[Stored data entries]
▼▼▼
inductive step :: "(label list \<Rightarrow> label) \<Rightarrow> estate \<Rightarrow> estate \<Rightarrow> bool" for f where
  assign: "step f (Assign v e, \<eta>, a, w) (Bot, \<eta>(v := e \<eta>), a, w)"
| seq: "step f (P1, \<eta>, a, w) (P1', \<eta>', a', w') \<Longrightarrow> P1 \<noteq> Exit \<Longrightarrow>
        step f (Seq P1 P2, \<eta>, a, w) (Seq P1' P2, \<eta>', a', w')"
| seq_bot: "step f (Seq Bot P2, \<eta>, a, w) (P2, \<eta>, a, w)"
| seq_exit: "step f (Seq Exit P2, \<eta>, a, w) (Exit, \<eta>, a, w)"
| exit: "step f (Exit, \<eta>, a, w) (Bot, \<eta>, a, w)"
| prob_le0: "p \<eta> \<le> 0 \<Longrightarrow> step f (PChoice P1 p P2, \<eta>, a, w) (P2, \<eta>, a, w @ [Rp])"
| prob_ge1: "p \<eta> \<ge> 1 \<Longrightarrow> step f (PChoice P1 p P2, \<eta>, a, w) (P1, \<eta>, a, w @ [Lp])"
| prob_l: "0 < p \<eta> \<Longrightarrow> p \<eta> < 1 \<Longrightarrow>
           step f (PChoice P1 p P2, \<eta>, a, w) (P1, \<eta>, a * p \<eta>, w @ [Lp])"
| prob_r: "0 < p \<eta> \<Longrightarrow> p \<eta> < 1 \<Longrightarrow>
           step f (PChoice P1 p P2, \<eta>, a, w) (P2, \<eta>, a * (1 - p \<eta>), w @ [Rp])"
| nd_l: "f w = Ln \<Longrightarrow> step f (NChoice P1 P2, \<eta>, a, w) (P1, \<eta>, a, w @ [Ln])"
| nd_r: "f w = Rn \<Longrightarrow> step f (NChoice P1 P2, \<eta>, a, w) (P2, \<eta>, a, w @ [Rn])"
| while_t: "b \<eta> \<Longrightarrow> step f (While b P, \<eta>, a, w) (Seq P (While b P), \<eta>, a, w)"
| while_f: "\<not> b \<eta> \<Longrightarrow> step f (While b P, \<eta>, a, w) (Bot, \<eta>, a, w)"

definition init_exec :: "pstate \<Rightarrow> estate" where
  "init_exec \<sigma> = (fst \<sigma>, snd \<sigma>, 1, [])"

definition init_state :: "prog \<Rightarrow> pstate" where
  "init_state P = (P, \<lambda>_. 0)"

definition terminal :: "pstate \<Rightarrow> bool" where
  "terminal \<sigma> \<longleftrightarrow> fst \<sigma> = Bot"

definition eprob :: "estate \<Rightarrow> rat" where
  "eprob \<tau> = fst (snd (snd \<tau>))"

definition T_le :: "pstate \<Rightarrow> (label list \<Rightarrow> label) \<Rightarrow> nat \<Rightarrow> estate set" where
  "T_le \<sigma> f k = {\<tau>. fst \<tau> = Bot \<and> (\<exists>n\<le>k. (step f ^^ n) (init_exec \<sigma>) \<tau>)}"

definition ExpRuntime :: "pstate \<Rightarrow> (label list \<Rightarrow> label) \<Rightarrow> ennreal" where
  "ExpRuntime \<sigma> f =
     (\<Sum>k. ennreal (1 - (\<Sum>\<tau>\<in>T_le \<sigma> f k. real_of_rat (eprob \<tau>))))"

definition PAST :: "prog set" where
  "PAST = {P. \<forall>f\<in>schedulers. ExpRuntime (init_state P) f < \<infinity>}"

fun knievel :: "prog \<Rightarrow> bool" where
  "knievel Bot = True"
| "knievel (Assign v e) = True"
| "knievel (Seq P1 P2) = (knievel P1 \<and> knievel P2)"
| "knievel (PChoice P1 p P2) = (P1 = skip \<and> P2 = Exit)"
| "knievel (NChoice P1 P2) = (knievel P1 \<and> knievel P2)"
| "knievel (While b P) = knievel P"
| "knievel Exit = True"

definition Reach :: "pstate \<Rightarrow> pstate set" where
  "Reach \<sigma> = {(P', \<eta>'). \<exists>f\<in>schedulers. \<exists>a' w'.
                 (step f)\<^sup>*\<^sup>* (init_exec \<sigma>) (P', \<eta>', a', w')}"

definition rsm_map :: "(pstate \<Rightarrow> real) \<Rightarrow> real \<Rightarrow> bool" where
  "rsm_map h \<epsilon> \<longleftrightarrow>
     \<epsilon> > 0 \<and> (\<forall>\<sigma>. 0 \<le> h \<sigma>) \<and> (\<forall>\<sigma>. terminal \<sigma> \<longrightarrow> h \<sigma> = 0) \<and>
     (\<forall>P \<eta>. h (P, \<eta>) > 0 \<longrightarrow>
        \<comment> \<open>(i) deterministic states\<close>
        (\<forall>P' \<eta>'. (\<forall>f\<in>schedulers. step f (P, \<eta>, 1, []) (P', \<eta>', 1, [])) \<longrightarrow>
            h (P', \<eta>') + \<epsilon> \<le> h (P, \<eta>)) \<and>
        \<comment> \<open>(ii) nondeterministic states\<close>
        (\<forall>Pl \<eta>l Pr \<eta>r. (\<forall>f\<in>schedulers. step f (P, \<eta>, 1, []) (Pl, \<eta>l, 1, [Ln]) \<or>
                                       step f (P, \<eta>, 1, []) (Pr, \<eta>r, 1, [Rn])) \<longrightarrow>
            max (h (Pl, \<eta>l)) (h (Pr, \<eta>r)) + \<epsilon> \<le> h (P, \<eta>)) \<and>
        \<comment> \<open>(iii) probabilistic states, probability value p (clipped to [0,1])\<close>
        (\<forall>(p::rat) Pl \<eta>l Pr \<eta>r. 0 \<le> p \<and> p \<le> 1 \<and>
            (\<forall>f\<in>schedulers. (0 < p \<longrightarrow> step f (P, \<eta>, 1, []) (Pl, \<eta>l, p, [Lp])) \<and>
                             (p < 1 \<longrightarrow> step f (P, \<eta>, 1, []) (Pr, \<eta>r, 1 - p, [Rp]))) \<longrightarrow>
            real_of_rat p * h (Pl, \<eta>l) + (1 - real_of_rat p) * h (Pr, \<eta>r) + \<epsilon> \<le> h (P, \<eta>)))"

end

theory Submission
  imports Defs
begin

(* In Knievel form every probabilistic choice is skip or exit, so under a fixed scheduler the
   execution tree is a single main run, which always takes the skip branch, together with exit
   branches that split off from it and terminate after at most seq_depth P + 2 further steps.
   Hence the probability of not having terminated after kk steps is at most
   (seq_depth P + 2) times the mass still alive on the main run at step kk - seq_depth P - 1,
   and it suffices to show that this live mass is summable. That follows by well-founded
   induction on the rank. Along the main run from a non-terminal state sigma, the certificate h of
   sigma, weighted by the probability mass of the run, drops by at least eps times that mass in
   every step in which it is positive. So either h stays positive, and then the live mass from
   sigma on sums to at most mass * h sigma / eps, or h vanishes at some later state, which then has
   lower rank than sigma. *)

(* The main run: a probabilistic choice with 0 < p < 1 takes its left branch, which in Knievel form
   is skip. Its right branch, which is exit, is given by exit_succ. *)
fun main_succ :: "(label list \<Rightarrow> label) \<Rightarrow> estate \<Rightarrow> estate" where
  "main_succ f (Bot, \<eta>, a, w) = (Bot, \<eta>, a, w)"
| "main_succ f (Assign v e, \<eta>, a, w) = (Bot, \<eta>(v := e \<eta>), a, w)"
| "main_succ f (Seq P1 P2, \<eta>, a, w) =
     (if P1 = Bot then (P2, \<eta>, a, w) else if P1 = Exit then (Exit, \<eta>, a, w)
      else (case main_succ f (P1, \<eta>, a, w) of (P1', \<eta>', a', w') \<Rightarrow> (Seq P1' P2, \<eta>', a', w')))"
| "main_succ f (PChoice P1 p P2, \<eta>, a, w) =
     (if p \<eta> \<le> 0 then (P2, \<eta>, a, w @ [Rp])
      else if 1 \<le> p \<eta> then (P1, \<eta>, a, w @ [Lp]) else (P1, \<eta>, a * p \<eta>, w @ [Lp]))"
| "main_succ f (NChoice P1 P2, \<eta>, a, w) =
     (if f w = Ln then (P1, \<eta>, a, w @ [Ln]) else (P2, \<eta>, a, w @ [Rn]))"
| "main_succ f (While b P, \<eta>, a, w) =
     (if b \<eta> then (Seq P (While b P), \<eta>, a, w) else (Bot, \<eta>, a, w))"
| "main_succ f (Exit, \<eta>, a, w) = (Bot, \<eta>, a, w)"

fun exit_succ :: "estate \<Rightarrow> estate option" where
  "exit_succ (Seq P1 P2, \<eta>, a, w) =
     (if P1 = Bot \<or> P1 = Exit then None
      else map_option (\<lambda>(P1', \<eta>', a', w'). (Seq P1' P2, \<eta>', a', w')) (exit_succ (P1, \<eta>, a, w)))"
| "exit_succ (PChoice P1 p P2, \<eta>, a, w) =
     (if 0 < p \<eta> \<and> p \<eta> < 1 then Some (P2, \<eta>, a * (1 - p \<eta>), w @ [Rp]) else None)"
| "exit_succ _ = None"

(* Bounds the number of Seq layers around the Exit that an exit branch starts from, and does not
   grow along the main run. *)
fun seq_depth :: "prog \<Rightarrow> nat" where
  "seq_depth (Seq A B) = max (Suc (seq_depth A)) (seq_depth B)"
| "seq_depth (PChoice A p B) = max (seq_depth A) (seq_depth B)"
| "seq_depth (NChoice A B) = max (seq_depth A) (seq_depth B)"
| "seq_depth (While b A) = Suc (seq_depth A)"
| "seq_depth _ = 0"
▲▲▲
→ TASK BRIEF: Where does "which" occur in the data? Copy each line that has it.

→ RESPONSE BOX:
   execution tree is a single main run, which always takes the skip branch, together with exit
   every step in which it is positive. So either h stays positive, and then the live mass from
   sigma on sums to at most mass * h sigma / eps, or h vanishes at some later state, which then has
(* The main run: a probabilistic choice with 0 < p < 1 takes its left branch, which in Knievel form
   is skip. Its right branch, which is exit, is given by exit_succ. *)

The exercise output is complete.